- **What this task involves**:
Show, in full, each line of the data that contains "likelihood".

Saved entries

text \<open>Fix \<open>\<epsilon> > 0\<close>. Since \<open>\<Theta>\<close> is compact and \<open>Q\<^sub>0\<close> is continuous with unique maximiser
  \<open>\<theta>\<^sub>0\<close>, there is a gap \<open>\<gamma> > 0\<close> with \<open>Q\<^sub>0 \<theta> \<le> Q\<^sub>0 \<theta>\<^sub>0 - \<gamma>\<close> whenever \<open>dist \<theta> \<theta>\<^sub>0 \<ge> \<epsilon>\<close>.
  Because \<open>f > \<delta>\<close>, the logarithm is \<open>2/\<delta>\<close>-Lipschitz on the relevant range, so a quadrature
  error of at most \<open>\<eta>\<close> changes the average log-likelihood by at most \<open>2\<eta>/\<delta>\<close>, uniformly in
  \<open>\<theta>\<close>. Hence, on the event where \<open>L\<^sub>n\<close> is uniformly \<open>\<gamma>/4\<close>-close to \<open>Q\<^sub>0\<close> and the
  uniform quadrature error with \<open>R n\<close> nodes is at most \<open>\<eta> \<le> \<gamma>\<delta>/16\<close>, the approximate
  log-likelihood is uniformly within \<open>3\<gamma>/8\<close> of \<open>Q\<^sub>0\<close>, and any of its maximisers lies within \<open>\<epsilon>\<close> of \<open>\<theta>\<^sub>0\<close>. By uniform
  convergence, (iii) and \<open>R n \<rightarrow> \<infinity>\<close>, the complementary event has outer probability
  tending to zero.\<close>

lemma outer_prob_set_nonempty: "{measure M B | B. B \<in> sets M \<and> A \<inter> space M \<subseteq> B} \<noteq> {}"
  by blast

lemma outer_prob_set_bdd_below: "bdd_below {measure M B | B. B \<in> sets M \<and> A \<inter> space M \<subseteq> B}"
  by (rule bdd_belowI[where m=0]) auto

- **Response below**:
  error of at most \<open>\<eta>\<close> changes the average log-likelihood by at most \<open>2\<eta>/\<delta>\<close>, uniformly in
  log-likelihood is uniformly within \<open>3\<gamma>/8\<close> of \<open>Q\<^sub>0\<close>, and any of its maximisers lies within \<open>\<epsilon>\<close> of \<open>\<theta>\<^sub>0\<close>. By uniform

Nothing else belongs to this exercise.